Она посмотрела мне в лицо хитрым взглядом и не ответила. Я не отводила глаз, и тогда она сказала:
— Прекрасно. Я буду просто счастлива. — Она вновь очень странно посмотрела на меня. — Какой время, моя дорогая Мод? Час? Подойдет, корошо подойдет, а?
Я подтвердила, и она погрузилась в молчание.
Я спрашивала себя: удалось ли мне выглядеть беззаботной, как я и старалась? Не знаю. В тот ужасный промежуток времени я казалась, наверное, подозрительно невозмутимой, и даже сейчас, оглядываясь назад, удивляюсь своему непонятному самообладанию.

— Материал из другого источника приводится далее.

lemma zfun_eq_ipoly_z_poly:
  assumes "p > 0"
  shows "zfun p r lam (zeta p ^ t) = ipoly (z_poly p r lam) (zeta p ^ t)"
  using power_int_root_of_unity[OF assms zeta_power_power_self[OF assms]]
  unfolding zfun_def z_poly_def ipoly_mult ipoly_linear ipoly_prod ipoly_diff ipoly_1 ipoly_monom
  by simp

lemma sigx_eq_ipoly_x_poly:
  assumes "p > 0"
  shows "sigx n p r lam k = ipoly (x_poly n p r lam) (zeta p ^ r ^ k)"
  unfolding sigx_def x_poly_def
  by (simp add: zfun_eq_ipoly_z_poly[OF assms] power_add mult.commute flip: power_mult)

lemma ipoly_generator_poly:
  assumes "p > 0"
  shows "ipoly (generator_poly n p r lam l) (zeta p ^ r ^ k) = sig_gen n p r lam l k"
proof -
  have "ipoly (sigma_x_poly n p r lam t) (zeta p ^ r ^ k) = sigx n p r lam (k + t)" for t
    by (simp add: sigma_x_poly_def sigx_eq_ipoly_x_poly[OF assms] power_add flip: power_mult)
  moreover have "l \<ge> 2 \<Longrightarrow> k + l - 1 = k + (l - 1)" by simp
  ultimately show ?thesis by (simp add: generator_poly_def sig_gen_def)
qed

lemma ipoly_lattice_poly:
  assumes "p > 0"
  shows "ipoly (lattice_poly n p r lam a) (zeta p ^ r ^ k) = (\<Sum>l<n. of_int (a l) * sig_gen n p r lam l k)"
  by (simp add: lattice_poly_def ipoly_generator_poly[OF assms])

lemma sigx_periodic:
  assumes p: "prime p" and r: "residue_primroot p r" and "n dvd p - 1"
  shows "sigx n p r lam (k + n) = sigx n p r lam k"
proof -
  have p1: "p > 1" using p prime_gt_1_nat by blast
  define e where "e = (p - 1) div n"
  have "e * n = p - 1" using assms by (simp add: e_def)
  then have "e \<ge> 1" using p1 by (cases e) auto
  define F where "F j = zfun p r lam (zeta p ^ r ^ (j * n + k))" for j
  have "[r ^ (p - 1) = 1] (mod p)"
    using fermat_theorem[OF p] primroot_power_not_dvd[OF p r, of 1] by simp
  then have "[r ^ (p - 1) * r ^ (n + k) = r ^ (n + k)] (mod p)"
    using cong_mult[OF _ cong_refl] by fastforce
  moreover have "r ^ (Suc e * n + k) = r ^ (p - 1) * r ^ (n + k)"
    using \<open>e * n = p - 1\<close> by (simp add: algebra_simps flip: power_add)
  ultimately have "r ^ (Suc e * n + k) mod p = r ^ (1 * n + k) mod p" by (simp add: cong_def)
  then have "zeta p ^ r ^ (Suc e * n + k) = zeta p ^ r ^ (1 * n + k)"
    using p1 zeta_power_eq_iff[of p "r ^ (Suc e * n + k)" "r ^ (1 * n + k)"] by linarith
  then have "F (Suc e) = F 1" by (simp only: F_def)
  have "sigx n p r lam (k + n) = (\<Sum>j\<in>{1..e}. F (Suc j))"
    unfolding sigx_def F_def e_def by (intro sum.cong refl) (simp add: algebra_simps)
  also have "\<dots> = sum F {2..e} + F (Suc e)"
    using \<open>e \<ge> 1\<close> by (simp add: sum.shift_bounds_cl_Suc_ivl[symmetric] sum.cl_ivl_Suc numeral_2_eq_2)
  also have "\<dots> = sum F {1..e}"
    using \<open>e \<ge> 1\<close> \<open>F (Suc e) = F 1\<close> by (simp add: sum.atLeast_Suc_atMost add.commute numeral_2_eq_2)
  finally show ?thesis unfolding sigx_def F_def e_def .
qed

lemma ipoly_lattice_poly_periodic:
  assumes p: "prime p" and r: "residue_primroot p r" and "n dvd p - 1"
  shows "ipoly (lattice_poly n p r lam a) (zeta p ^ r ^ (k + n)) =
    ipoly (lattice_poly n p r lam a) (zeta p ^ r ^ k)"
proof -
  have shift: "sigx n p r lam (k + n + t) = sigx n p r lam (k + t)" for t
    using sigx_periodic[OF assms, of lam "k + t"] by (simp add: algebra_simps)
  have "sig_gen n p r lam l (k + n) = sig_gen n p r lam l k" for l
    unfolding sig_gen_def using shift[of 0] shift[of 1] shift[of "l - 1"] shift[of l]
    by (cases "l \<ge> 2") (auto simp: algebra_simps)
  then show ?thesis using p prime_gt_0_nat by (simp add: ipoly_lattice_poly)
qed

lemma one_minus_monom_eq: "1 - monom (1::int) k = [:1, -1:] * geom_poly k"
proof -
  have "[:1, -1:] = - [:-1, 1::int:]" by simp
  then show ?thesis by (simp only: mult_minus_left linear_times_geom_poly minus_diff_eq)
qed

lemma pcompose_power: "pcompose (f ^ k) g = pcompose f g ^ k"
  by (induction k) (simp_all add: pcompose_1 pcompose_mult)

lemma linear_power_dvd_pcompose_monom:
  assumes "[:1, -1:] ^ m dvd f"
  shows "[:1, -1:] ^ m dvd pcompose f (monom (1::int) s)"
proof -
  obtain g where "f = [:1, -1:] ^ m * g" using assms by (elim dvdE)
  moreover have "pcompose [:1, -1:] (monom (1::int) s) = 1 - monom 1 s"
    by (simp add: pcompose_pCons one_pCons[symmetric] algebra_simps)
  ultimately have "pcompose f (monom 1 s) = ([:1, -1:] * geom_poly s) ^ m * pcompose g (monom 1 s)"
    by (simp only: pcompose_mult pcompose_power one_minus_monom_eq)
  then have "pcompose f (monom 1 s) = [:1, -1:] ^ m * (geom_poly s ^ m * pcompose g (monom 1 s))"
    by (simp only: power_mult_distrib mult_ac)
  then show ?thesis by simp
qed

lemma linear_power_dvd_z_poly:
  assumes "odd p" "p \<ge> 3"
  shows "[:1, -1:] ^ ((p + 1) div 2) dvd z_poly p r lam"
proof -
  define J where "J = {0..(p - 3) div 2}"
  have "Suc (card J) = (p + 1) div 2" using assms unfolding J_def by (auto elim!: oddE)
  have "(\<Prod>j\<in>J. [:1, -1:]) dvd (\<Prod>j\<in>J. 1 - monom (1::int) (r ^ j))"
    by (intro prod_dvd_prod) (simp only: one_minus_monom_eq dvd_triv_left)
  then have "[:1, -1:] ^ card J * [:1, -1:] dvd (\<Prod>j\<in>J. 1 - monom (1::int) (r ^ j)) * [:1, -1:]"
    unfolding prod_constant by (rule mult_dvd_mono[OF _ dvd_refl])
  then have "[:1, -1:] ^ ((p + 1) div 2) dvd
      monom 1 (nat (lam mod int p)) * ((\<Prod>j\<in>J. 1 - monom (1::int) (r ^ j)) * [:1, -1:])"
    unfolding \<open>Suc (card J) = (p + 1) div 2\<close>[symmetric] power_Suc2 by (rule dvd_mult)
  then show ?thesis unfolding z_poly_def J_def by (simp only: mult.assoc)
qed

lemma linear_power_dvd_lattice_poly:
  assumes "odd p" "p \<ge> 3"
  shows "[:1, -1:] ^ ((p + 1) div 2) dvd lattice_poly n p r lam a"
proof -
  have "[:1, -1:] ^ ((p + 1) div 2) dvd x_poly n p r lam"
    unfolding x_poly_def by (intro dvd_sum linear_power_dvd_pcompose_monom linear_power_dvd_z_poly assms)
  then have "[:1, -1:] ^ ((p + 1) div 2) dvd generator_poly n p r lam l" for l
    by (simp add: generator_poly_def sigma_x_poly_def linear_power_dvd_pcompose_monom)
  then show ?thesis unfolding lattice_poly_def by (intro dvd_sum dvd_smult)
qed

section \<open>The product distance of \<open>\<phi>\<^sub>1\<^sub>/\<^sub>p\<^sub>\<^sup>2(M)\<close>\<close>

lemma phiM_inverse_square:
  assumes "p > 0"
  shows "phiM n p r lam (1 / (real p)\<^sup>2) =
    range (\<lambda>a i. ipoly (lattice_poly n p r lam a) (zeta p ^ r ^ i) / of_nat p)"
  using assms by (auto simp: phiM_def ipoly_lattice_poly real_sqrt_divide field_simps)

lemma phiM_product_lower_bound:
  assumes p: "prime p" and r: "residue_primroot p r"
    and n: "odd n" "n > 1" "n dvd p - 1"
    and v: "v \<in> phiM n p r lam (1 / (real p)\<^sup>2)" and nonzero: "v j \<noteq> 0"
  shows "real p powr ((1 - real n) / 2) \<le> cmod (\<Prod>i<n. v i)"
proof -
  have p1: "p > 1" using p prime_gt_1_nat by blast
  have "n \<le> p - 1" using n p1 by (intro dvd_imp_le) auto
  then have "odd p" "p \<ge> 3" using n p by (auto simp: prime_odd_nat)
  obtain a where va: "v = (\<lambda>i. ipoly (lattice_poly n p r lam a) (zeta p ^ r ^ i) / of_nat p)"
    using v phiM_inverse_square p1 by auto
  define Y where "Y = lattice_poly n p r lam a"
  have "real p ^ ((n + 1) div 2) \<le> cmod (partial_norm p r n Y)"
  proof (rule partial_norm_lower_bound[OF p r _ _ n(1,3)])
    show "n > 0" using n by simp
    show "ipoly Y (zeta p ^ r ^ (k + n)) = ipoly Y (zeta p ^ r ^ k)" for k
      unfolding Y_def by (rule ipoly_lattice_poly_periodic[OF p r n(3)])
    show "[:1, -1:] ^ ((p + 1) div 2) dvd Y"
      unfolding Y_def by (rule linear_power_dvd_lattice_poly[OF \<open>odd p\<close> \<open>p \<ge> 3\<close>])
    show "ipoly Y (zeta p ^ r ^ j) \<noteq> 0" using nonzero by (simp add: va Y_def)
  qed
  moreover have "cmod (\<Prod>i<n. v i) = cmod (partial_norm p r n Y) / real p ^ n"
    by (simp add: va Y_def partial_norm_def prod_dividef norm_divide norm_power)
  moreover have "real p powr ((1 - real n) / 2) = real p ^ ((n + 1) div 2) / real p ^ n"
  proof -
    have "(1 - real n) / 2 = real ((n + 1) div 2) - real n" using n(1) by (auto elim!: oddE)
    then have "real p powr ((1 - real n) / 2) = real p powr real ((n + 1) div 2) / real p powr real n"
      by (simp only: powr_diff)
    then show ?thesis using p1 by (simp add: powr_realpow)
  qed
  ultimately show ?thesis using p1 by (simp add: divide_right_mono)
qed

lemma phiM_has_nonzero_vector:
  assumes "n > 1" "beta > 0" "sigx n p r lam 0 \<noteq> 0"
  shows "\<exists>v \<in> phiM n p r lam beta. v 0 \<noteq> 0"
proof -
  have "sig_gen n p r lam 0 0 \<noteq> 0 \<or> sig_gen n p r lam 1 0 \<noteq> 0"
  proof (rule ccontr)
    assume "\<not> ?thesis"
    moreover have "2 * sigx n p r lam 0 = sig_gen n p r lam 0 0 + sig_gen n p r lam 1 0"
      by (simp add: sig_gen_def)
    ultimately show False using assms(3) by simp
  qed
  then obtain l where "l < n" "sig_gen n p r lam l 0 \<noteq> 0" using assms(1) by force
  define a :: "nat \<Rightarrow> int" where "a = (\<lambda>l'. if l' = l then 1 else 0)"
  have "(\<Sum>l'<n. of_int (a l') * sig_gen n p r lam l' 0) =
      (\<Sum>l'<n. if l' = l then sig_gen n p r lam l' 0 else 0)"
    by (intro sum.cong) (auto simp: a_def)
  also have "\<dots> = sig_gen n p r lam l 0" using \<open>l < n\<close> by simp
  finally have sum0: "(\<Sum>l'<n. of_int (a l') * sig_gen n p r lam l' 0) = sig_gen n p r lam l 0" .
  define v where "v = (\<lambda>i. of_real (sqrt beta) * (\<Sum>l'<n. of_int (a l') * sig_gen n p r lam l' i))"
  have "v \<in> phiM n p r lam beta" unfolding phiM_def v_def by blast
  moreover have "v 0 \<noteq> 0"
    using sum0 \<open>sig_gen n p r lam l 0 \<noteq> 0\<close> assms(2) by (simp add: v_def)
  ultimately show ?thesis by blast
qed
(* Under the setting and quadratic assumption described in the context, the replacement of an agent, denoted $R$, results in $$\mathbb{E}\left[\Delta f_t \mid R\right] \leq \frac{3n^2-3n+1}{2n^2}\left(\beta-\alpha\right).$$
   Context: A fixed set of $n$ agents on a complete graph solves $\min_{x\in S_n} f^t(x)=\sum_{i=1}^n f_i^t(x_i)$, where $S_n=\{x\in\mathbb{R}_{\ge 0}^n : \mathds{1}^\top x = n\}$ (every agent has demand $d_i^t=1$). Each local cost $f_i^t:\mathbb{R}_{\ge0}\to\mathbb{R}_{\ge0}$ is one-dimensional, continuously differentiable, $\alpha$-strongly convex, $\beta$-smooth, with $\arg\min_{x\ge 0} f_i^t(x)=0$ and $f_i^t(0)=0$; moreover every local cost (including that of any joining agent) is quadratic, $f_i(x_i)=\phi_i x_i^2$ with $\phi_i\in[\alpha/2,\beta/2]$. The estimates $x^t\in S_n$ evolve by events: either an update (a pairwise Random Coordinate Descent step between agents $i,j$: $x_i^+=x_i-\frac1\beta(f_i'(x_i)-f_j'(x_j))$, $x_j^+=x_j-\frac1\beta(f_j'(x_j)-f_i'(x_i))$) or a replacement $R$, i.e. simultaneous departure and arrival. At a departure, a leaving agent $\ell$ chosen uniformly among the $n$ agents sends its estimate $x_\ell$ to all others, which update $x_i^+=(1-\frac1n)x_i+\frac1n x_\ell$; at an arrival, the joining agent initializes its estimate to $1$. Here $\Delta f_t := f^{t+1}(x^{t+1})-f^t(x^t)$ is the one-step variation of the total cost evaluated at the estimates. *)

theory Defs
  imports Complex_Main
begin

Я надеялась, что мадам не слышала о распоряжении не выпускать меня из поместья. В ее сопровождении я беспрепятственно пройду через ворота… она сама проводит меня в Фелтрам.
В Фелтраме я обрету свободу и тогда смогу добраться к дорогой кузине Монике. Никакая сила не вернет меня обратно в Бартрам-Хо. Сердце трепетало в напряженном ожидании часа освобождения.
О Бартрам-Хо! Откуда взялись эти преграды? Кто из предков поставил эти высокие, неприступные стены передо мной, оказавшейся в положении столь отчаянном?
Внезапно я вспомнила про письмо к леди Ноуллз. Если мне не удастся попытка бегства из Фелтрама, все будет зависеть от этого письма.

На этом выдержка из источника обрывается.